I hadn’t, at any point, actually agreed to come here.
At first, I’d been caught up in Aster’s excitement. It was impossible not to be. He’d been a different person since coming back to London. Still his distractable self, but quieter. Some of it was steadiness that came from being madly in love and being madly loved back, but some was sadness. He’d told me in a great rush about his time on the island—with far too much detail about his and Callum’s sexual exploits—and how they had fallen in love and he was returning to the island after he finished his master’s.
We’d sat and stared at each other for long seconds after Aster’s monologue, then both promptly burst into tears.
Aster living on a remote island in the back end of nowhere while I lived in London had never been the plan.
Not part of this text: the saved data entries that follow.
lemma continuous_on_travelling:
  fixes g :: "real \<Rightarrow> real"
  assumes "\<And>z. isCont g z"
  shows "continuous_on S (\<lambda>(t, x). g (x - c * t + \<tau>))"
proof -
  have "continuous_on UNIV g"
    by (simp add: assms continuous_at_imp_continuous_on)
  then have "continuous_on S (\<lambda>p. g (snd p - c * fst p + \<tau>))"
    by (rule continuous_on_compose2[OF _ _ subset_UNIV]) (intro continuous_intros)
  then show ?thesis
    by (simp add: case_prod_unfold)
qed

lemma strong_solution_BBMG_travelling_phi:
  assumes coeffs: "\<And>i. i \<in> {1..N} \<Longrightarrow> a i > 0 \<and> b i \<noteq> 0"
    and vertex_continuity: "\<And>t j k. t \<ge> 0 \<Longrightarrow> j \<in> {1..N} \<Longrightarrow> k \<in> {1..N} \<Longrightarrow>
      phi (a j) (b j) (c j) (\<tau> j - c j * t) = phi (a k) (b k) (c k) (\<tau> k - c k * t)"
    and kirchhoff: "\<And>t. t \<ge> 0 \<Longrightarrow>
      (\<Sum>i=1..L. a i * phi_d1 (a i) (b i) (c i) (\<tau> i - c i * t))
        = (\<Sum>i=L+1..N. a i * phi_d1 (a i) (b i) (c i) (\<tau> i - c i * t))"
  shows "strong_solution_BBMG N L a b (\<lambda>i t x. phi (a i) (b i) (c i) (x - c i * t + \<tau> i))"
  unfolding strong_solution_BBMG_def
proof (rule exI[of _ "\<lambda>i t x. - c i * phi_d1 (a i) (b i) (c i) (x - c i * t + \<tau> i)"],
    rule exI[of _ "\<lambda>i t x. phi_d1 (a i) (b i) (c i) (x - c i * t + \<tau> i)"],
    rule exI[of _ "\<lambda>i t x. - c i * phi_d2 (a i) (b i) (c i) (x - c i * t + \<tau> i)"],
    rule exI[of _ "\<lambda>i t x. - c i * phi_d3 (a i) (b i) (c i) (x - c i * t + \<tau> i)"],
    intro conjI ballI allI impI)
  fix i t x
  show "((\<lambda>s. phi (a i) (b i) (c i) (x - c i * s + \<tau> i)) has_real_derivative
      - c i * phi_d1 (a i) (b i) (c i) (x - c i * t + \<tau> i)) (at t within {0..})"
    by (rule DERIV_travelling_time[OF phi_has_derivative])
  show "((\<lambda>y. phi (a i) (b i) (c i) (y - c i * t + \<tau> i)) has_real_derivative
      phi_d1 (a i) (b i) (c i) (x - c i * t + \<tau> i)) (at x within edge L i)"
    by (rule DERIV_travelling_space[OF phi_has_derivative])
  show "((\<lambda>y. - c i * phi_d1 (a i) (b i) (c i) (y - c i * t + \<tau> i)) has_real_derivative
      - c i * phi_d2 (a i) (b i) (c i) (x - c i * t + \<tau> i)) (at x within edge L i)"
    by (rule DERIV_cmult[OF DERIV_travelling_space[OF phi_d1_has_derivative]])
  show "((\<lambda>y. - c i * phi_d2 (a i) (b i) (c i) (y - c i * t + \<tau> i)) has_real_derivative
      - c i * phi_d3 (a i) (b i) (c i) (x - c i * t + \<tau> i)) (at x within edge L i)"
    by (rule DERIV_cmult[OF DERIV_travelling_space[OF phi_d2_has_derivative]])
next
  fix i assume "i \<in> {1..N}"
  then show "- c i * phi_d1 (a i) (b i) (c i) (x - c i * t + \<tau> i)
      - a i * (- c i * phi_d3 (a i) (b i) (c i) (x - c i * t + \<tau> i))
      + b i * phi (a i) (b i) (c i) (x - c i * t + \<tau> i)
          * phi_d1 (a i) (b i) (c i) (x - c i * t + \<tau> i) = 0" for t x
    using coeffs by (intro phi_travelling_wave_ode) auto
next
  fix i
  have cont: "isCont (phi (a i) (b i) (c i)) z" "isCont (phi_d1 (a i) (b i) (c i)) z"
    "isCont (phi_d2 (a i) (b i) (c i)) z" "isCont (phi_d3 (a i) (b i) (c i)) z" for z
    using phi_has_derivative phi_d1_has_derivative phi_d2_has_derivative isCont_phi_d3
    by (blast intro: DERIV_isCont)+
  show "continuous_on ({0..} \<times> edge L i) (\<lambda>(t, x). phi (a i) (b i) (c i) (x - c i * t + \<tau> i))"
    "continuous_on ({0..} \<times> edge L i)
       (\<lambda>(t, x). - c i * phi_d1 (a i) (b i) (c i) (x - c i * t + \<tau> i))"
    "continuous_on ({0..} \<times> edge L i) (\<lambda>(t, x). phi_d1 (a i) (b i) (c i) (x - c i * t + \<tau> i))"
    "continuous_on ({0..} \<times> edge L i)
       (\<lambda>(t, x). - c i * phi_d2 (a i) (b i) (c i) (x - c i * t + \<tau> i))"
    "continuous_on ({0..} \<times> edge L i)
       (\<lambda>(t, x). - c i * phi_d3 (a i) (b i) (c i) (x - c i * t + \<tau> i))"
    by (intro continuous_on_travelling continuous_intros cont)+
next
  show "phi (a j) (b j) (c j) (0 - c j * t + \<tau> j) = phi (a k) (b k) (c k) (0 - c k * t + \<tau> k)"
    if "t \<ge> 0" "j \<in> {1..N}" "k \<in> {1..N}" for t j k
    using vertex_continuity[OF that] by simp
  show "(\<Sum>i=1..L. a i * phi_d1 (a i) (b i) (c i) (0 - c i * t + \<tau> i))
      - (\<Sum>i=L+1..N. a i * phi_d1 (a i) (b i) (c i) (0 - c i * t + \<tau> i)) = 0"
    if "t \<ge> 0" for t
    using kirchhoff[OF that] by simp
qed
We had separate lives, separate dreams, but one thing that never changed when either of us imagined our futures was our proximity to each another. His trip to Scotland was the longest we’d spent apart since Aster sat down next to me in preschool and explained at length why I should share my cookie with him.
I wasn’t sure I’d agreed to that either, but his pudgy hands had split the treat in two and we’d smiled at each other as we chewed. Best friends, instantly .
Melancholy lingered between us since Aster came home. He’d gotten everything he wanted. A dream job. A dream guy. But it came at a cost.
That’s why, after he crashed into the examination room then promptly exited when he saw where my hand was, I’d been swept up in his wild enthusiasm. He shouted through the firmly closed door that there was a vacancy for a vet on the island. He’d already applied for me. And after a recommendation from my boss that Aster had extracted through a combination of perseverance and bribery, I’d been offered the job. Which he’d accepted on my behalf.
We’d come up with our signatures together. Sometimes our ability to commit forgery was helpful. Sometimes it was not.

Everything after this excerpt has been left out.